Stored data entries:

* * * * * * * * *

lemma kept_outcomes_code_enc_sit:
  "kept_outcomes_code g (enc_sit s) = enc_sit (kept_outcomes (\<lambda>p. g (enc_sit p) = 0) s)"
proof -
  let ?P = "\<lambda>p. g (enc_sit p) = 0"
  let ?L = "length s"
  have "j \<le> ?L \<Longrightarrow> rec_nat 0 (\<lambda>j r. kept_outcomes_step g j r (enc_sit s)) j
     = enc_sit (map (nth s) (filter (\<lambda>k. ?P (take k s)) [?L - j..<?L]))" for j
  proof (induction j)
    case (Suc j)
    then have "?L - 1 - j < ?L" and "[?L - Suc j..<?L] = (?L - 1 - j) # [?L - j..<?L]"
      by (simp_all add: Suc_diff_Suc upt_conv_Cons)
    then show ?case using Suc by (simp add: kept_outcomes_step_def del: upt_Suc)
  qed simp
  from this[of ?L] show ?thesis by (simp add: kept_outcomes_code_def kept_outcomes_def)
qed

lemma forecasting_system_bounds:
  assumes "forecasting_system \<phi>"
  shows "\<phi> s = {lowerF \<phi> s .. upperF \<phi> s}" and "0 \<le> lowerF \<phi> s"
    and "lowerF \<phi> s \<le> upperF \<phi> s" and "upperF \<phi> s \<le> 1"
proof -
  obtain a b where ab: "0 \<le> a" "a \<le> b" "b \<le> 1" "\<phi> s = {a..b}"
    using assms unfolding forecasting_system_def by blast
  then have "lowerF \<phi> s = a" "upperF \<phi> s = b" by (simp_all add: lowerF_def upperF_def)
  with ab show "\<phi> s = {lowerF \<phi> s .. upperF \<phi> s}" "0 \<le> lowerF \<phi> s"
    "lowerF \<phi> s \<le> upperF \<phi> s" "upperF \<phi> s \<le> 1" by auto
qed
lemma labeled_routing_exists:
  assumes sym: "\<forall>x y. E x y \<longrightarrow> E y x" and fin: "finite V"
    and comps: "\<forall>C \<in> components V E S. is_clique E C \<or> is_tree E C"
    and lab: "valid_labeling V E S k lab" and "l \<le> k"
    and uw: "\<forall>i<l. u i \<in> S \<and> w i \<in> S" and I: "disjoint_routing E (V - S) l u w I"
  shows "\<exists>J. disjoint_routing E (V - S) l u w J \<and> (\<forall>i<l. length (I i) \<le> length (J i)) \<and>
           (\<forall>i<l. J i \<noteq> [] \<longrightarrow> (\<exists>C \<in> lab (u i) (w i). set (J i) \<subseteq> C))"
proof -
  have "\<exists>J. disjoint_routing E (V - S) l u w J \<and> (\<forall>i<l. length (I i) \<le> length (J i)) \<and>
           (\<forall>i<n. J i \<noteq> [] \<longrightarrow> (\<exists>C \<in> lab (u i) (w i). set (J i) \<subseteq> C))" if "n \<le> l" for n
    using that
  proof (induction n)
    case 0
    then show ?case
      using I by blast
  next
    case (Suc n)
    then have "n < l"
      by simp
    from Suc obtain J where J: "disjoint_routing E (V - S) l u w J"
      and len: "\<forall>i<l. length (I i) \<le> length (J i)"
      and labeled: "\<forall>i<n. J i \<noteq> [] \<longrightarrow> (\<exists>C \<in> lab (u i) (w i). set (J i) \<subseteq> C)"
      by auto
    show ?case
    proof (cases "J n \<noteq> [] \<and> \<not> (\<exists>C \<in> lab (u n) (w n). set (J n) \<subseteq> C)")
      case False
      then have "\<forall>i<Suc n. J i \<noteq> [] \<longrightarrow> (\<exists>C \<in> lab (u i) (w i). set (J i) \<subseteq> C)"
        using labeled by (auto simp: less_Suc_eq)
      then show ?thesis
        using J len by blast
    next
      case True
      have path: "interior_path E (V - S) (u n) (J n) (w n)"
        using J \<open>n < l\<close> unfolding disjoint_routing_def by blast
      have "successively E (J n)"
        using path by (rule interior_path_successively)
      moreover have "set (J n) \<subseteq> V - S"
        using path by (simp add: interior_path_def)
      ultimately obtain C where C: "C \<in> components V E S" "set (J n) \<subseteq> C"
        using walk_in_component True by meson
      have "C \<notin> lab (u n) (w n)"
        using True C(2) by blast
      let ?F = "{D \<in> components V E S. \<exists>j\<in>{..<l} - {n}. set (J j) \<inter> D \<noteq> {}}"
      have "card ?F \<le> card ({..<l} - {n})"
        by (rule card_components_met_by_routing[OF sym J]) auto
      then have "card ?F < k"
        using \<open>n < l\<close> \<open>l \<le> k\<close> by simp
      moreover have "interior_path E C (u n) (J n) (w n)"
        using path C(2) by (simp add: interior_path_def)
      moreover have "u n \<in> S" and "w n \<in> S"
        using uw \<open>n < l\<close> by auto
      moreover have "?F \<subseteq> components V E S"
        by blast
      ultimately obtain D J' where D: "D \<in> lab (u n) (w n)" "D \<notin> ?F"
        and J': "interior_path E D (u n) J' (w n)" "length (J n) \<le> length J'"
        using labeled_reroute[OF sym fin comps lab _ _ C(1) \<open>C \<notin> lab (u n) (w n)\<close>] True
        by (metis (lifting))
      have "D \<in> components V E S"
        using lab \<open>u n \<in> S\<close> \<open>w n \<in> S\<close> D(1) unfolding valid_labeling_def Let_def by blast
      then have "interior_path E (V - S) (u n) J' (w n)"
        using J'(1) component_subset by (fastforce simp: interior_path_def)
      moreover have "\<forall>j<l. j \<noteq> n \<longrightarrow> set (J j) \<inter> set J' = {}"
        using D(2) \<open>D \<in> components V E S\<close> J'(1) by (auto simp: interior_path_def)
      ultimately have "disjoint_routing E (V - S) l u w (J(n := J'))"
        by (rule disjoint_routing_update[OF J])
      moreover have "\<forall>i<l. length (I i) \<le> length ((J(n := J')) i)"
        using len J'(2) \<open>n < l\<close> by (auto intro: le_trans)
      moreover have "\<forall>i<Suc n. (J(n := J')) i \<noteq> [] \<longrightarrow> (\<exists>C \<in> lab (u i) (w i). set ((J(n := J')) i) \<subseteq> C)"
        using labeled D(1) J'(1) by (auto simp: less_Suc_eq interior_path_def)
      ultimately show ?thesis
        by blast
    qed
  qed
  then show ?thesis
    by blast
qed

theorem mainTheorem18:
  fixes V :: "'a set" and E :: "'a \<Rightarrow> 'a \<Rightarrow> bool" and S :: "'a set" and k :: nat
    and lab :: "'a \<Rightarrow> 'a \<Rightarrow> 'a set set"
    and xs :: "'a list" and frags :: "('a \<times> 'a list) list"
  assumes G: "simple_graph V E"
    and SV: "S \<subseteq> V" and card_S: "card S = k"
    and comps: "\<forall>C \<in> components V E S. is_clique E C \<or> is_tree E C"
    and lab: "valid_labeling V E S k lab"
    and P: "is_cycle E xs"
    and frag: "fragment_decomp S xs frags"
  shows "\<exists>ys frags'. is_cycle E ys \<and> fragment_decomp S ys frags' \<and>
           length frags' = length frags \<and>
           (\<forall>i < length frags. fst (frags' ! i) = fst (frags ! i)) \<and>
           (\<forall>i < length frags. snd (frags' ! i) \<noteq> [] \<longrightarrow>
              (\<exists>C \<in> lab (fst (frags ! i)) (fst (frags ! ((Suc i) mod length frags))).
                  set (snd (frags' ! i)) \<subseteq> C)) \<and>
           length xs \<le> length ys"
proof -
  have sym: "\<forall>x y. E x y \<longrightarrow> E y x" and finV: "finite V"
    using G unfolding simple_graph_def by blast+
  define l where "l = length frags"
  define u where "u i = fst (frags ! i)" for i
  define I where "I i = snd (frags ! i)" for i
  have frag': "fragment_decomp S xs (map (\<lambda>i. (u i, I i)) [0..<l])"
    using frag by (simp add: l_def u_def I_def map_nth)
  then have "0 < l" and xs: "xs = concat (map (\<lambda>i. u i # I i) [0..<l])" and uS: "\<forall>i<l. u i \<in> S"
    unfolding fragment_decomp_map_iff by blast+
  note routing = disjoint_routing_if_fragment_decomp[OF G P frag']
  have "l \<le> k"
    using card_inj_on_le[OF routing(2), of S] uS finite_subset[OF SV finV] card_S by auto
  obtain J where J: "disjoint_routing E (V - S) l u (\<lambda>i. u (Suc i mod l)) J"
    and len: "\<forall>i<l. length (I i) \<le> length (J i)"
    and labeled: "\<forall>i<l. J i \<noteq> [] \<longrightarrow> (\<exists>C \<in> lab (u i) (u (Suc i mod l)). set (J i) \<subseteq> C)"
    using labeled_routing_exists[OF sym finV comps lab \<open>l \<le> k\<close> _ routing(1)] uS by auto
  define ys where "ys = concat (map (\<lambda>i. u i # J i) [0..<l])"
  have "length xs \<le> length ys"
    unfolding xs ys_def length_concat_upt using len by (intro sum_mono) simp
  moreover have "3 \<le> length ys"
    using P calculation by (simp add: is_cycle_def)
  note ys = fragment_decomp_if_disjoint_routing[OF \<open>0 < l\<close> routing(2) uS J this[unfolded ys_def]]
  show ?thesis
    using ys labeled \<open>length xs \<le> length ys\<close> unfolding ys_def[symmetric]
    by (intro exI[of _ ys] exI[of _ "map (\<lambda>i. (u i, J i)) [0..<l]"]) (simp add: l_def u_def)
qed

end
section \<open>The differential of the exponential map\<close>

lemma geo_coordinates_has_derivative:
  fixes h :: "real^3" and I1 t :: real
  assumes h: "h \<noteq> 0" and I1: "I1 \<noteq> 0"
  defines "r \<equiv> norm h" and "k \<equiv> t / (2 * I1)"
    and "S \<equiv> sin (norm h / (2 * I1) * t)" and "C \<equiv> cos (norm h / (2 * I1) * t)"
    and "dr \<equiv> \<lambda>v. inner h v / norm h"
  shows "((\<lambda>l. cos (norm l / (2 * I1) * t)) has_derivative (\<lambda>v. - S * k * dr v)) (at h)"
    and "((\<lambda>l. l$3 / norm l * sin (norm l / (2 * I1) * t)) has_derivative
      (\<lambda>v. (v$3 - h$3 / r * dr v) / r * S + h$3 / r * C * k * dr v)) (at h)"
    and "((\<lambda>l. sin (norm l / (2 * I1) * t) / norm l * l$j) has_derivative
      (\<lambda>v. (C * k - S / r) * dr v / r * h$j + S / r * v$j)) (at h)"
  unfolding r_def k_def S_def C_def dr_def using h I1
  by (auto intro!: derivative_eq_intros has_derivative_norm_at bounded_linear.has_derivative[OF bounded_linear_vec_nth]
      simp: fun_eq_iff field_simps power2_eq_square)

text \<open>\<open>dr\<close> and \<open>d\<phi>\<close> are the derivatives of \<open>|h|\<close> and of the precession angle \<open>\<phi>\<close> in the
  direction \<open>v\<close>.\<close>

definition Exp_diff :: "real \<Rightarrow> real \<Rightarrow> real \<Rightarrow> real^3 \<Rightarrow> real^3 \<Rightarrow> complex^2^2" where
  "Exp_diff I1 I3 t h v = (let r = norm h; k = t / (2 * I1);
     S = sin (norm h / (2 * I1) * t); C = cos (norm h / (2 * I1) * t);
     dr = inner h v / norm h; d\<phi> = precession_rate I1 I3 v * t / 2; \<phi> = precession_rate I1 I3 h * t / 2 in
     su2 ((of_real (- S * k * dr - h$3 / r * S * d\<phi>)
          + \<i> * of_real ((v$3 - h$3 / r * dr) / r * S + h$3 / r * C * k * dr + C * d\<phi>)) * cis \<phi>)
       ((of_real ((C * k - S / r) * dr / r * h$1 + S / r * v$1 + S / r * h$2 * d\<phi>)
          + \<i> * of_real ((C * k - S / r) * dr / r * h$2 + S / r * v$2 - S / r * h$1 * d\<phi>)) * cis (- \<phi>)))"

lemma Exp_map_has_derivative:
  fixes h :: "real^3"
  assumes h: "h \<noteq> 0" and I1: "I1 \<noteq> 0"
  shows "(Exp_map I1 I3 t has_derivative Exp_diff I1 I3 t h) (at h)"
proof -
  have d\<phi>: "((\<lambda>l. precession_rate I1 I3 l * t / 2) has_derivative (\<lambda>v. precession_rate I1 I3 v * t / 2)) (at h)"
    unfolding precession_rate_def
    by (auto intro!: derivative_eq_intros bounded_linear.has_derivative[OF bounded_linear_vec_nth])
  note c = geo_coordinates_has_derivative[OF h I1, of t]
  note D = su2_has_derivative[OF has_derivative_complex_cis[OF c(1,2) d\<phi>]
      has_derivative_complex_cis[OF c(3)[of 1] c(3)[of 2] has_derivative_minus[OF d\<phi>]]]
  show ?thesis
  proof (rule has_derivative_transform_within_open[OF has_derivative_eq_rhs[OF D], where s = "- {0}"], goal_cases)
    case 1
    show ?case
      by (simp add: fun_eq_iff Exp_diff_def Let_def algebra_simps)
  next
    case (4 l)
    then show ?case
      using I1 by (simp add: Exp_map_eq geo_z_def geo_w_def add_divide_distrib algebra_simps)
  qed (use h in auto)
qed

definition conj_factor :: "real \<Rightarrow> real \<Rightarrow> real \<Rightarrow> real" where
  "conj_factor \<eta> s \<tau> = (1 + \<eta> * s\<^sup>2) * sin \<tau> + \<eta> * (1 - s\<^sup>2) * \<tau> * cos \<tau>"

text \<open>Eliminating \<open>dr\<close> and the derivative of \<open>h\<^sub>3 / r\<close> leaves
  \<open>conj_factor \<eta> (h\<^sub>3 / r) (k r) * d\<phi> = 0\<close>.\<close>

lemma Exp_diff_kernel_equations_imp_zero:
  fixes h\<^sub>1 h\<^sub>2 h\<^sub>3 v\<^sub>1 v\<^sub>2 v\<^sub>3 r k \<eta> S C dr d\<phi> :: real
  assumes r: "r > 0" and k: "k > 0" and S: "S \<noteq> 0"
    and F: "(1 + \<eta> * (h\<^sub>3 / r)\<^sup>2) * S + \<eta> * (1 - (h\<^sub>3 / r)\<^sup>2) * (k * r) * C \<noteq> 0"
    and d\<phi>: "d\<phi> = k * \<eta> * v\<^sub>3"
    and z1: "- S * k * dr - h\<^sub>3 / r * S * d\<phi> = 0"
    and z2: "(v\<^sub>3 - h\<^sub>3 / r * dr) / r * S + h\<^sub>3 / r * C * k * dr + C * d\<phi> = 0"
    and w1: "(C * k - S / r) * dr / r * h\<^sub>1 + S / r * v\<^sub>1 + S / r * h\<^sub>2 * d\<phi> = 0"
    and w2: "(C * k - S / r) * dr / r * h\<^sub>2 + S / r * v\<^sub>2 - S / r * h\<^sub>1 * d\<phi> = 0"
  shows "v\<^sub>1 = 0 \<and> v\<^sub>2 = 0 \<and> v\<^sub>3 = 0"
proof -
  define n3 where "n3 = h\<^sub>3 / r"
  define dn3 where "dn3 = (v\<^sub>3 - n3 * dr) / r"
  have v\<^sub>3: "v\<^sub>3 = r * dn3 + n3 * dr"
    using r by (simp add: dn3_def)
  have "S * (k * dr + n3 * d\<phi>) = 0"
    using z1 unfolding n3_def by argo
  then have kdr: "k * dr = - n3 * d\<phi>"
    using S by simp
  have "S * dn3 + n3 * C * (k * dr) + C * d\<phi> = 0"
    using z2 unfolding dn3_def n3_def by (simp add: algebra_simps)
  then have Sdn3: "S * dn3 = - C * (1 - n3\<^sup>2) * d\<phi>"
    unfolding kdr by (simp add: power2_eq_square algebra_simps)
  have "d\<phi> = \<eta> * (k * r) * dn3 + \<eta> * n3 * (k * dr)"
    unfolding d\<phi> v\<^sub>3 by (simp add: algebra_simps)
  also have "\<dots> = \<eta> * (k * r) * dn3 - \<eta> * n3\<^sup>2 * d\<phi>"
    unfolding kdr by (simp add: power2_eq_square)
  finally have d\<phi>_dn3: "(1 + \<eta> * n3\<^sup>2) * d\<phi> = \<eta> * (k * r) * dn3"
    by (simp add: algebra_simps)
  have "((1 + \<eta> * n3\<^sup>2) * S + \<eta> * (1 - n3\<^sup>2) * (k * r) * C) * d\<phi>
      = S * ((1 + \<eta> * n3\<^sup>2) * d\<phi>) + \<eta> * (k * r) * (C * (1 - n3\<^sup>2) * d\<phi>)"
    by (simp add: algebra_simps)
  also have "\<dots> = \<eta> * (k * r) * (S * dn3 + C * (1 - n3\<^sup>2) * d\<phi>)"
    unfolding d\<phi>_dn3 by (simp add: algebra_simps)
  also have "\<dots> = 0"
    using Sdn3 by simp
  finally have "d\<phi> = 0"
    using F by (simp add: n3_def)
  moreover from this have "dr = 0" "dn3 = 0"
    using kdr Sdn3 k S by simp_all
  ultimately show ?thesis
    using v\<^sub>3 w1 w2 S r by simp
qed

lemma inj_Exp_diff:
  fixes h :: "real^3"
  assumes I1: "I1 > 0" and h: "h \<noteq> 0" and t: "t > 0"
    and S: "sin (norm h / (2 * I1) * t) \<noteq> 0"
    and F: "conj_factor (I1 / I3 - 1) (h$3 / norm h) (norm h / (2 * I1) * t) \<noteq> 0"
  shows "inj (Exp_diff I1 I3 t h)"
proof -
  have "linear (Exp_diff I1 I3 t h)"
    by (rule has_derivative_linear[OF Exp_map_has_derivative[OF h]]) (use I1 in simp)
  moreover have "v = 0" if "Exp_diff I1 I3 t h v = 0" for v
  proof -
    from that have "v$1 = 0 \<and> v$2 = 0 \<and> v$3 = 0"
    proof (intro Exp_diff_kernel_equations_imp_zero[where h\<^sub>1 = "h$1" and h\<^sub>2 = "h$2" and h\<^sub>3 = "h$3"
          and r = "norm h" and k = "t / (2 * I1)" and \<eta> = "I1 / I3 - 1"
          and S = "sin (norm h / (2 * I1) * t)" and C = "cos (norm h / (2 * I1) * t)"
          and dr = "inner h v / norm h" and d\<phi> = "precession_rate I1 I3 v * t / 2"])
      show "precession_rate I1 I3 v * t / 2 = t / (2 * I1) * (I1 / I3 - 1) * v$3"
        using I1 by (cases "I3 = 0") (simp_all add: precession_rate_def field_simps)
      show "(1 + (I1 / I3 - 1) * (h$3 / norm h)\<^sup>2) * sin (norm h / (2 * I1) * t)
        + (I1 / I3 - 1) * (1 - (h$3 / norm h)\<^sup>2) * (t / (2 * I1) * norm h) * cos (norm h / (2 * I1) * t) \<noteq> 0"
        using F by (simp add: conj_factor_def mult.commute)
    qed (use S h t I1 in \<open>simp_all only: Exp_diff_def Let_def su2_eq_0_iff mult_eq_0_iff cis_neq_zero simp_thms,
        simp_all add: complex_eq_iff\<close>)
    then show "v = 0"
      by (simp add: vec_eq_iff forall_3)
  qed
  ultimately show ?thesis
    by (simp add: linear_injective_0)
qed

section \<open>Bounds on the rescaled time\<close>

text \<open>If \<open>b / (\<eta> s) \<le> \<pi>/2\<close> the second summand is positive there; otherwise it is positive at
  \<open>\<pi>/2\<close>. Either way the intermediate value theorem applies on an interval starting at 0.\<close>

lemma phase_equation_has_root:
  fixes \<eta> s b :: real
  assumes \<eta>: "\<eta> > 0" and s: "s > 0" and b: "0 < b" "b \<le> pi / 2"
  shows "\<exists>\<tau>. 0 < \<tau> \<and> \<tau> \<le> pi / 2 \<and>
    cos \<tau> * sin (\<tau> * \<eta> * s - b) + s * sin \<tau> * cos (\<tau> * \<eta> * s - b) = 0"
proof -
  define f where "f = (\<lambda>\<tau>. cos \<tau> * sin (\<tau> * \<eta> * s - b) + s * sin \<tau> * cos (\<tau> * \<eta> * s - b))"
  define x where "x = min (b / (\<eta> * s)) (pi / 2)"
  have x: "0 < x" "x \<le> pi / 2"
    using \<eta> s b unfolding x_def by (simp, linarith)
  have "f x > 0"
  proof (cases "b / (\<eta> * s) \<le> pi / 2")
    case True
    then have "x * \<eta> * s - b = 0"
      using \<eta> s by (simp add: x_def)
    then show ?thesis
      using x s by (simp add: f_def sin_gt_zero)
  next
    case False
    then have "pi / 2 * (\<eta> * s) < b"
      using \<eta> s by (simp add: field_simps)
    moreover have "0 < pi / 2 * (\<eta> * s)"
      using \<eta> s by simp
    ultimately have "- (pi / 2) < pi / 2 * \<eta> * s - b" "pi / 2 * \<eta> * s - b < pi / 2"
      unfolding mult.assoc using b by linarith+
    then show ?thesis
      using False s by (simp add: f_def x_def cos_gt_zero_pi)
  qed
  moreover have "f 0 < 0"
    using b by (simp add: f_def sin_gt_zero)
  moreover have "isCont f \<tau>" for \<tau>
    unfolding f_def by (intro continuous_intros)
  ultimately obtain \<tau> where "0 \<le> \<tau>" "\<tau> \<le> x" "f \<tau> = 0"
    using IVT[of f 0 0 x] x by auto
  moreover from this have "\<tau> \<noteq> 0"
    using \<open>f 0 < 0\<close> by auto
  ultimately show ?thesis
    using x unfolding f_def by (intro exI[of _ \<tau>]) auto
qed

lemma first_pos_root_le:
  assumes "\<tau> > 0" "f \<tau> = 0"
  shows "first_pos_root f \<le> ereal \<tau>"
  unfolding first_pos_root_def by (rule Inf_lower) (use assms in auto)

* * * * * * * * *

• Activity: Among the lines above, find those that contain the word "finally" and copy them.

• Task answer:
  finally have d\<phi>_dn3: "(1 + \<eta> * n3\<^sup>2) * d\<phi> = \<eta> * (k * r) * dn3"
  finally have "d\<phi> = 0"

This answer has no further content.